The lock is acquired before scanning for pending migrations and released after all pending migrations complete. Two implementation patterns:
- Advisory lock: Postgres
pg_try_advisory_lock(lock_key)acquires a session-level lock that is automatically released on disconnect. Non-blocking: if the lock is held, the calling process exits immediately and lets the lock holder run migrations. - Migration lock table: INSERT a row into MigrationLock with locked_by and expires_at; other instances find the row and wait or exit. The expires_at prevents a dead lock if the lock holder crashes without releasing.
Expand-Contract Pattern for Zero-Downtime Migrations
Altering a column in-place on a live table with active traffic causes application errors if old code tries to read a column that no longer exists, or new code tries to read a column not yet present. The expand-contract pattern avoids this by decoupling the database change from the application change:
- Phase 1 — Expand: Add the new column with a default or nullable. Old code ignores it; new code can start writing to it. Both column versions coexist.
- Phase 2 — Backfill: Populate the new column for all existing rows in batches (to avoid locking the table). New writes go to both columns.
- Phase 3 — Switch: Deploy application code that reads from the new column only. Both columns still exist.
- Phase 4 — Contract: Drop the old column after confirming no application code references it. The migration is complete.
Each phase is a separate migration file, deployed with a separate application release. This ensures no single deployment makes a breaking database change.
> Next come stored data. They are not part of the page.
theorem corollary3p11:
  fixes R :: "('a, 'b) ring_scheme" and K :: "'a set" and q n m :: nat
    and Fs :: "'a set list" and ts :: "nat list"
  assumes "field R" and "finite (carrier R)"
    and "subfield K R" and "card K = q"
    and "\<exists>p k. prime p \<and> k > 0 \<and> q = p ^ k"
    and "ring.dimension R n K (carrier R)"
    and "is_flag R K Fs ts"
    and "m dvd n" and "m \<in> set ts"
    and "real (card (flag_orb R Fs)) = (real q ^ n - 1) / (real q ^ m - 1)"
  shows "m = ts ! 0
    \<and> (\<exists>S. subfield S R \<and> K \<subseteq> S \<and> ring.dimension R m K S \<and> orb R (Fs ! 0) = orb R S)
    \<and> (\<forall>j < length ts. m dvd ts ! j)"
proof -
  interpret field R by fact
  note fin = assms(2) and K = assms(3) and flag = assms(7)
  let ?S = "stabilizer_field R (set Fs)"
  note S = stabilizer_field_of_flag[OF fin subfieldE(3)[OF K] flag]
  have finite_dim: "finite_dimension K (carrier R)"
    using finite_dimensionI[OF assms(6)] .
  have "card (carrier R) = q ^ n"
    using card_dimension[OF K assms(6)] assms(4) by simp
  then have card_S: "card ?S = card K ^ m"
    using card_stabilizer_field_eq[OF fin is_flag_additive_subgroup[OF flag], where N = "q ^ m"]
      assms(4,10) by simp
  then have dvd: "\<forall>j < length ts. m dvd ts ! j"
    using dvd_flag_type[OF fin K finite_dim flag] by blast
  moreover have m: "m = ts ! 0"
    using is_flag_type_hd_eq[OF K flag assms(9)] dvd is_flag_length[OF flag] by blast
  moreover have "dimension m K ?S"
    using dimension_of_card[OF K fin finite_dim subalgebra_of_subring[OF subfieldE(1)[OF S(1)] S(2)]
        card_S] .
  moreover have "orb R (Fs ! 0) = orb R ?S"
    using orb_flag_hd[OF fin K flag] card_S m by simp
  ultimately show ?thesis
    using S(1,2) by blast
qed
context
  fixes d :: nat and p :: "nat \<Rightarrow> real poly" and \<alpha> :: real
    and \<rho> :: "nat \<Rightarrow> nat \<Rightarrow> complex" and \<psi> :: "nat \<Rightarrow> complex"
  assumes deg: "\<And>k. degree (p k) = k" and nonzero: "\<And>k. p k \<noteq> 0"
    and psd: "psd d \<rho>"
    and diag: "\<And>k. k < d \<Longrightarrow> pure_deviation \<rho> \<psi> k k = 0"
    and qform_poly_0: "qform_poly d p 0 (pure_deviation \<rho> \<psi>) = 0"
    and qform_poly_\<alpha>: "qform_poly d p \<alpha> (pure_deviation \<rho> \<psi>) = 0"
    and sin_nonzero: "\<And>j. 0 < j \<Longrightarrow> j < d \<Longrightarrow> sin (real j * \<alpha>) \<noteq> 0"
begin

lemma pure_deviation_eq_0_off_support:
  assumes "\<psi> k = 0" "k < d" "l < d"
  shows "pure_deviation \<rho> \<psi> l k = 0" and "pure_deviation \<rho> \<psi> k l = 0"
proof -
  have "\<rho> k k = 0"
    using diag[OF assms(2)] assms(1) by (simp add: pure_deviation_def)
  then have "\<rho> l k = 0"
    by (rule psd_diag_zero_imp_col_zero[OF psd assms(2,3)])
  then show "pure_deviation \<rho> \<psi> l k = 0"
    using assms(1) by (simp add: pure_deviation_def)
  then show "pure_deviation \<rho> \<psi> k l = 0"
    using pure_deviation_hermitian[OF psd assms(2,3)] by simp
qed
lemma ge_of_square_integral_upper_bounds:
  assumes cont: "isCont \<rho> \<xi>0"
    and upper: "\<forall>\<^sub>F s in at_right 0. (\<integral>\<^sup>+\<xi>\<in>square \<xi>0 s. ennreal (\<rho> \<xi>) \<partial>lborel) \<le> ennreal (s * s * f s)"
    and lim: "(f \<longlongrightarrow> l) (at_right 0)" and "0 \<le> l"
  shows "\<rho> \<xi>0 \<le> l"
proof (rule ccontr)
  assume "\<not> \<rho> \<xi>0 \<le> l"
  define c where "c = (\<rho> \<xi>0 + l) / 2"
  have c: "0 < c" "l < c" "c < \<rho> \<xi>0"
    using \<open>0 \<le> l\<close> \<open>\<not> \<rho> \<xi>0 \<le> l\<close> by (auto simp: c_def)
  have near: "eventually (\<lambda>\<xi>. c < \<rho> \<xi>) (nhds \<xi>0)"
    using cont c(3) by (auto simp: isCont_def tendsto_at_iff_tendsto_nhds intro: order_tendstoD)
  have "\<forall>\<^sub>F s in at_right 0. 0 < s \<and> f s < c \<and> (\<forall>\<xi>\<in>square \<xi>0 s. c < \<rho> \<xi>)
      \<and> (\<integral>\<^sup>+\<xi>\<in>square \<xi>0 s. ennreal (\<rho> \<xi>) \<partial>lborel) \<le> ennreal (s * s * f s)"
    using eventually_at_right_less[of 0] order_tendstoD(2)[OF lim c(2)] eventually_in_square[OF near] upper
    by eventually_elim auto
  then obtain s where s: "0 < s" "f s < c" "\<forall>\<xi>\<in>square \<xi>0 s. c < \<rho> \<xi>"
    and le: "(\<integral>\<^sup>+\<xi>\<in>square \<xi>0 s. ennreal (\<rho> \<xi>) \<partial>lborel) \<le> ennreal (s * s * f s)"
    using eventually_happens[of _ "at_right (0::real)"] by force
  have "ennreal (s * s * f s) < ennreal (s * s * c)"
    using s c by (intro ennreal_lessI) auto
  also have "\<dots> \<le> (\<integral>\<^sup>+\<xi>\<in>square \<xi>0 s. ennreal (\<rho> \<xi>) \<partial>lborel)"
    using s c by (intro nn_integral_square_ge) (auto intro: less_imp_le)
  finally show False
    using le by simp
qed

section \<open>The intensity of visible storm centres\<close>

lemma sum_exp_riemann:
  assumes "0 < \<Delta>" "real K * \<Delta> = 1 / \<tau>"
  shows "(\<Sum>j<K. \<Delta> * exp (- (real j * \<Delta> * (2 * pi))))
      = (1 - exp (- (2 * pi) / \<tau>)) * (\<Delta> / (1 - exp (- (2 * pi) * \<Delta>)))"
    and "(\<Sum>j<K. \<Delta> * exp (- ((real j + 1) * \<Delta> * (2 * pi))))
      = exp (- (2 * pi) * \<Delta>) * ((1 - exp (- (2 * pi) / \<tau>)) * (\<Delta> / (1 - exp (- (2 * pi) * \<Delta>))))"
proof -
  have "real K * (\<Delta> * (2 * pi)) = (real K * \<Delta>) * (2 * pi)"
    by (rule mult.assoc[symmetric])
  also have "\<dots> = 2 * pi / \<tau>"
    using assms(2) by simp
  finally have K\<Delta>: "real K * (\<Delta> * (2 * pi)) = 2 * pi / \<tau>" .
  have "(\<Sum>j<K. \<Delta> * exp (- (real j * \<Delta> * (2 * pi)))) = \<Delta> * (\<Sum>j<K. exp (- (real j * (\<Delta> * (2 * pi)))))"
    by (simp add: sum_distrib_left mult.assoc)
  also have "\<dots> = \<Delta> * ((1 - exp (- (real K * (\<Delta> * (2 * pi))))) / (1 - exp (- (\<Delta> * (2 * pi)))))"
    using assms(1) by (subst sum_exp_geometric) auto
  also have "\<dots> = (1 - exp (- (2 * pi) / \<tau>)) * (\<Delta> / (1 - exp (- (2 * pi) * \<Delta>)))"
    unfolding K\<Delta> by (simp add: mult.commute)
  finally show sum: "(\<Sum>j<K. \<Delta> * exp (- (real j * \<Delta> * (2 * pi))))
      = (1 - exp (- (2 * pi) / \<tau>)) * (\<Delta> / (1 - exp (- (2 * pi) * \<Delta>)))" .
  have "(\<Sum>j<K. \<Delta> * exp (- ((real j + 1) * \<Delta> * (2 * pi))))
      = (\<Sum>j<K. exp (- (2 * pi) * \<Delta>) * (\<Delta> * exp (- (real j * \<Delta> * (2 * pi)))))"
    by (intro sum.cong refl) (simp add: exp_add[symmetric] algebra_simps)
  also have "\<dots> = exp (- (2 * pi) * \<Delta>) * ((1 - exp (- (2 * pi) / \<tau>)) * (\<Delta> / (1 - exp (- (2 * pi) * \<Delta>))))"
    by (simp only: sum_distrib_left[symmetric, of "exp (- (2 * pi) * \<Delta>)"] sum)
  finally show "(\<Sum>j<K. \<Delta> * exp (- ((real j + 1) * \<Delta> * (2 * pi))))
      = exp (- (2 * pi) * \<Delta>) * ((1 - exp (- (2 * pi) / \<tau>)) * (\<Delta> / (1 - exp (- (2 * pi) * \<Delta>))))" .
qed

lemma tendsto_riemann_sums:
  assumes \<Delta>: "filterlim \<Delta> (at_right 0) F"
  shows "((\<lambda>k. c * (\<Delta> k / (1 - exp (- (2 * pi) * \<Delta> k)))) \<longlongrightarrow> c / (2 * pi)) F"
    and "((\<lambda>k. exp (- (2 * pi) * \<Delta> k) * (c * (\<Delta> k / (1 - exp (- (2 * pi) * \<Delta> k))))) \<longlongrightarrow> c / (2 * pi)) F"
proof -
  have "((\<lambda>x::real. x / (1 - exp (- (2 * pi) * x))) \<longlongrightarrow> inverse pi / 2) (at_right 0)"
    by real_asymp
  then have lim: "((\<lambda>x::real. x / (1 - exp (- (2 * pi) * x))) \<longlongrightarrow> 1 / (2 * pi)) (at_right 0)"
    by (simp add: field_simps)
  show U: "((\<lambda>k. c * (\<Delta> k / (1 - exp (- (2 * pi) * \<Delta> k)))) \<longlongrightarrow> c / (2 * pi)) F"
    using tendsto_mult_left[OF filterlim_compose[OF lim \<Delta>], of c] by simp
  have exp_lim: "((\<lambda>k. exp (- (2 * pi) * \<Delta> k)) \<longlongrightarrow> exp (- (2 * pi) * 0)) F"
    using \<Delta> by (intro tendsto_intros) (simp add: filterlim_at)
  show "((\<lambda>k. exp (- (2 * pi) * \<Delta> k) * (c * (\<Delta> k / (1 - exp (- (2 * pi) * \<Delta> k))))) \<longlongrightarrow> c / (2 * pi)) F"
    using tendsto_mult[OF exp_lim U] by simp
qed
text \<open>Broadcasting all files uncoded achieves a finite rate; this makes \<open>opt_rate\<close> an infimum over
  a nonempty set.\<close>

lemma achievable_uncoded:
  assumes "0 \<le> M"
  shows "achievable K L N U (real (card (files L N))) M"
proof -
  obtain fs where fs: "set fs = files L N" "distinct fs"
    using finite_distinct_list[OF finite_files] by blast
  define \<psi> where "\<psi> d l = concat (map l fs)" for d :: demand and l :: library
  define \<mu> where "\<mu> F d i k u X Z = take F (drop (F * (SOME p. p < length fs \<and> fs ! p = (i, d i k u))) X)"
    for d :: demand and i k u :: nat and X Z :: "bool list" and F :: nat
  have "caching_scheme K L N U F M (real (card (files L N))) (\<lambda>k l. []) \<psi> (\<mu> F) eps"
    if "0 < eps" for eps :: real and F :: nat
  proof -
    have no_error: "{l \<in> libraries L N F. decoding_error K L U l (\<lambda>k l. []) \<psi> (\<mu> F) d} = {}"
      if "admissible_demand K L N U d" for d
      using uncoded_decoding[OF fs(1) that] unfolding decoding_error_def \<psi>_def \<mu>_def by auto
    have "error_prob K L N U F (\<lambda>k l. []) \<psi> (\<mu> F) d \<le> eps" if "admissible_demand K L N U d" for d
      unfolding error_prob_def no_error[OF that] using \<open>0 < eps\<close> by simp
    moreover have "length (\<psi> d l) = F * card (files L N)" if "l \<in> libraries L N F" for d l
    proof -
      have "length (\<psi> d l) = (\<Sum>x\<in>set fs. length (l x))"
        unfolding \<psi>_def using fs(2) by (simp add: length_concat sum_list_distinct_conv_sum_set)
      also have "\<dots> = (\<Sum>x\<in>files L N. F)"
        using that fs(1) unfolding libraries_def by (intro sum.cong) auto
      finally show ?thesis by simp
    qed
    ultimately show ?thesis
      unfolding caching_scheme_def using assms by (simp add: mult.commute flip: of_nat_mult)
  qed
  then show ?thesis unfolding achievable_def by blast
qed
lemma real_cond_exp_add_add_const:
  assumes "integrable M f" "integrable M g"
  shows "AE w in M. real_cond_exp M F (\<lambda>w. f w + g w + c) w
    = real_cond_exp M F f w + real_cond_exp M F g w + c"
proof -
  have "integrable M (\<lambda>w. f w + g w)" using assms by simp
  from real_cond_exp_add[OF this integrable_const[of c]] real_cond_exp_add[OF assms]
    real_cond_exp_F_meas[OF integrable_const[of c] borel_measurable_const]
  show ?thesis by eventually_elim simp
qed

text \<open>The expected-shortfall identity behind \<open>Z(f\<^sub>0) = \<alpha> g\<^sub>0(X) + \<omega>\<close>.\<close>

lemma real_cond_exp_min_diff_0:
  fixes Y q :: "'a \<Rightarrow> real"
  assumes [measurable]: "Y \<in> borel_measurable M" and q_F [measurable]: "q \<in> borel_measurable F"
    and "integrable M (\<lambda>w. Y w * indicator {w. Y w \<le> q w} w)"
    and "integrable M (\<lambda>w. min (Y w - q w) 0)"
    and "AE w in M. real_cond_exp M F (indicator {w. Y w \<le> q w}) w = \<alpha>"
  shows "AE w in M. real_cond_exp M F (\<lambda>w. min (Y w - q w) 0) w
    = real_cond_exp M F (\<lambda>w. Y w * indicator {w. Y w \<le> q w} w) w - \<alpha> * q w"
proof -
  define S where "S = {w. Y w \<le> q w}"
  have q_M [measurable]: "q \<in> borel_measurable M" by (rule measurable_from_subalg[OF subalg q_F])
  have "S \<inter> space M \<in> sets M"
    unfolding S_def by (simp add: Int_commute[of _ "space M"])
  then have [measurable]: "(indicator S :: 'a \<Rightarrow> real) \<in> borel_measurable M"
    by (subst borel_measurable_indicator_iff)
  have min_eq: "min (Y w - q w) 0 = Y w * indicator S w - q w * indicator S w" for w
    by (auto simp: S_def indicator_def min_def)
  have "integrable M (\<lambda>w. Y w * indicator S w - min (Y w - q w) 0)"
    using assms(3,4) unfolding S_def by simp
  then have int_q: "integrable M (\<lambda>w. q w * indicator S w)" unfolding min_eq by simp
  have "AE w in M. real_cond_exp M F (\<lambda>w. q w * indicator S w) w = q w * real_cond_exp M F (indicator S) w"
    by (rule real_cond_exp_mult) (use int_q in auto)
  with real_cond_exp_diff[OF assms(3)[folded S_def] int_q] assms(5) show ?thesis
    unfolding min_eq S_def by eventually_elim (simp add: mult.commute)
qed

text \<open>A conditional Markov inequality: \<open>\<P>(f \<ge> K | F) < 1\<close> almost surely.\<close>

lemma null_sets_of_real_cond_exp_le:
  assumes f: "integrable M f" and ce: "AE w in M. real_cond_exp M F f w \<le> \<nu>" and "\<nu> < K"
    and B: "B \<in> sets F" and big: "AE w in M. w \<in> B \<longrightarrow> K \<le> f w"
  shows "B \<in> null_sets M"
proof -
  have BM [measurable]: "B \<in> sets M" using B subalg by (auto simp: subalgebra_def)
  have int_ind: "integrable M (\<lambda>w. c * indicator B w)" for c :: real
    by (intro integrable_mult_right integrable_real_indicator) (auto simp: less_top[symmetric])
  have int_f: "integrable M (\<lambda>w. indicator B w * f w)"
    using integrable_real_mult_indicator[OF BM f] by (simp add: mult.commute)
  have "K * measure M B = (\<integral> w. K * indicator B w \<partial>M)" using BM by simp
  also have "\<dots> \<le> (\<integral> w. indicator B w * f w \<partial>M)"
    by (rule integral_mono_AE[OF int_ind int_f]) (use big in \<open>auto split: split_indicator\<close>)
  also have "\<dots> = (\<integral> w. indicator B w * real_cond_exp M F f w \<partial>M)"
    by (rule real_cond_exp_intg(2)[symmetric]) (use int_f B f in auto)
  also have "\<dots> \<le> (\<integral> w. \<nu> * indicator B w \<partial>M)"
    by (rule integral_mono_AE[OF real_cond_exp_intg(1) int_ind])
       (use int_f B f ce in \<open>auto split: split_indicator\<close>)
  also have "\<dots> = \<nu> * measure M B" using BM by simp
  finally have "measure M B = 0"
    using \<open>\<nu> < K\<close> measure_nonneg[of M B] by (metis antisym mult_le_cancel_right not_le)
  then show ?thesis using BM by (simp add: emeasure_eq_measure null_sets_def)
qed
Large Table Migrations with Ghost Tables
For tables with hundreds of millions of rows, ALTER TABLE … ADD COLUMN or CREATE INDEX can lock the table for minutes or hours. The ghost table technique (used by gh-ost and pt-online-schema-change) avoids this:
- Create a new ghost table with the desired schema.
- Stream existing rows from the original table to the ghost table in batches.
- Apply a trigger (or binlog-based replication for gh-ost) to replay concurrent writes to the ghost table.
- Perform an atomic table rename: original becomes _old, ghost becomes original.
- Drop the _old table after verification.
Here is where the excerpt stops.